● **PROBLEM STATEMENT**: Your task is to retype each line of the data below exactly.

# # # #

lemma sum_weighted_ln_le_ln_mean:
  fixes s a :: "'i \<Rightarrow> real"
  assumes "finite I" "\<And>i. i \<in> I \<Longrightarrow> 0 \<le> s i" "(\<Sum>i\<in>I. s i) = 1" "\<And>i. i \<in> I \<Longrightarrow> 0 < a i"
  shows "(\<Sum>i\<in>I. s i * ln (a i)) \<le> ln (\<Sum>i\<in>I. s i * a i)"
proof -
  let ?m = "\<Sum>i\<in>I. s i * a i"
  have nonneg: "0 \<le> s i * a i" if "i \<in> I" for i
    by (meson assms(2,4) less_imp_le mult_nonneg_nonneg that)
  have "?m \<noteq> 0"
  proof
    assume "?m = 0"
    hence "\<forall>i\<in>I. s i * a i = 0"
      using assms(1) nonneg by (subst sum_nonneg_eq_0_iff[symmetric]) auto
    hence "\<forall>i\<in>I. s i = 0" using assms(4) by force
    thus False using assms(3) by simp
  qed
  moreover have "?m \<ge> 0" using nonneg by (intro sum_nonneg) auto
  ultimately have m: "?m > 0" by simp
  have "(\<Sum>i\<in>I. s i * ln (a i)) \<le> (\<Sum>i\<in>I. s i * (ln ?m + (a i - ?m) / ?m))"
    using assms m by (intro sum_mono mult_left_mono ln_le_tangent) auto
  also have "\<dots> = (\<Sum>i\<in>I. s i * ln ?m + s i * a i / ?m - s i)"
    using m by (intro sum.cong refl) (simp add: algebra_simps diff_divide_distrib)
  also have "\<dots> = (\<Sum>i\<in>I. s i) * ln ?m + ?m / ?m - (\<Sum>i\<in>I. s i)"
    by (simp add: sum_subtractf sum.distrib sum_distrib_right flip: sum_divide_distrib)
  also have "\<dots> = ln ?m" using assms(3) m by simp
  finally show ?thesis .
qed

# # # #

● **ANSWER SPACE**:
lemma sum_weighted_ln_le_ln_mean:
  fixes s a :: "'i \<Rightarrow> real"
  assumes "finite I" "\<And>i. i \<in> I \<Longrightarrow> 0 \<le> s i" "(\<Sum>i\<in>I. s i) = 1" "\<And>i. i \<in> I \<Longrightarrow> 0 < a i"
  shows "(\<Sum>i\<in>I. s i * ln (a i)) \<le> ln (\<Sum>i\<in>I. s i * a i)"
proof -
  let ?m = "\<Sum>i\<in>I. s i * a i"
  have nonneg: "0 \<le> s i * a i" if "i \<in> I" for i
    by (meson assms(2,4) less_imp_le mult_nonneg_nonneg that)
  have "?m \<noteq> 0"
  proof
    assume "?m = 0"
    hence "\<forall>i\<in>I. s i * a i = 0"
      using assms(1) nonneg by (subst sum_nonneg_eq_0_iff[symmetric]) auto
    hence "\<forall>i\<in>I. s i = 0" using assms(4) by force
    thus False using assms(3) by simp
  qed
  moreover have "?m \<ge> 0" using nonneg by (intro sum_nonneg) auto
  ultimately have m: "?m > 0" by simp
  have "(\<Sum>i\<in>I. s i * ln (a i)) \<le> (\<Sum>i\<in>I. s i * (ln ?m + (a i - ?m) / ?m))"
    using assms m by (intro sum_mono mult_left_mono ln_le_tangent) auto
  also have "\<dots> = (\<Sum>i\<in>I. s i * ln ?m + s i * a i / ?m - s i)"
    using m by (intro sum.cong refl) (simp add: algebra_simps diff_divide_distrib)
  also have "\<dots> = (\<Sum>i\<in>I. s i) * ln ?m + ?m / ?m - (\<Sum>i\<in>I. s i)"
    by (simp add: sum_subtractf sum.distrib sum_distrib_right flip: sum_divide_distrib)
  also have "\<dots> = ln ?m" using assms(3) m by simp
  finally show ?thesis .
qed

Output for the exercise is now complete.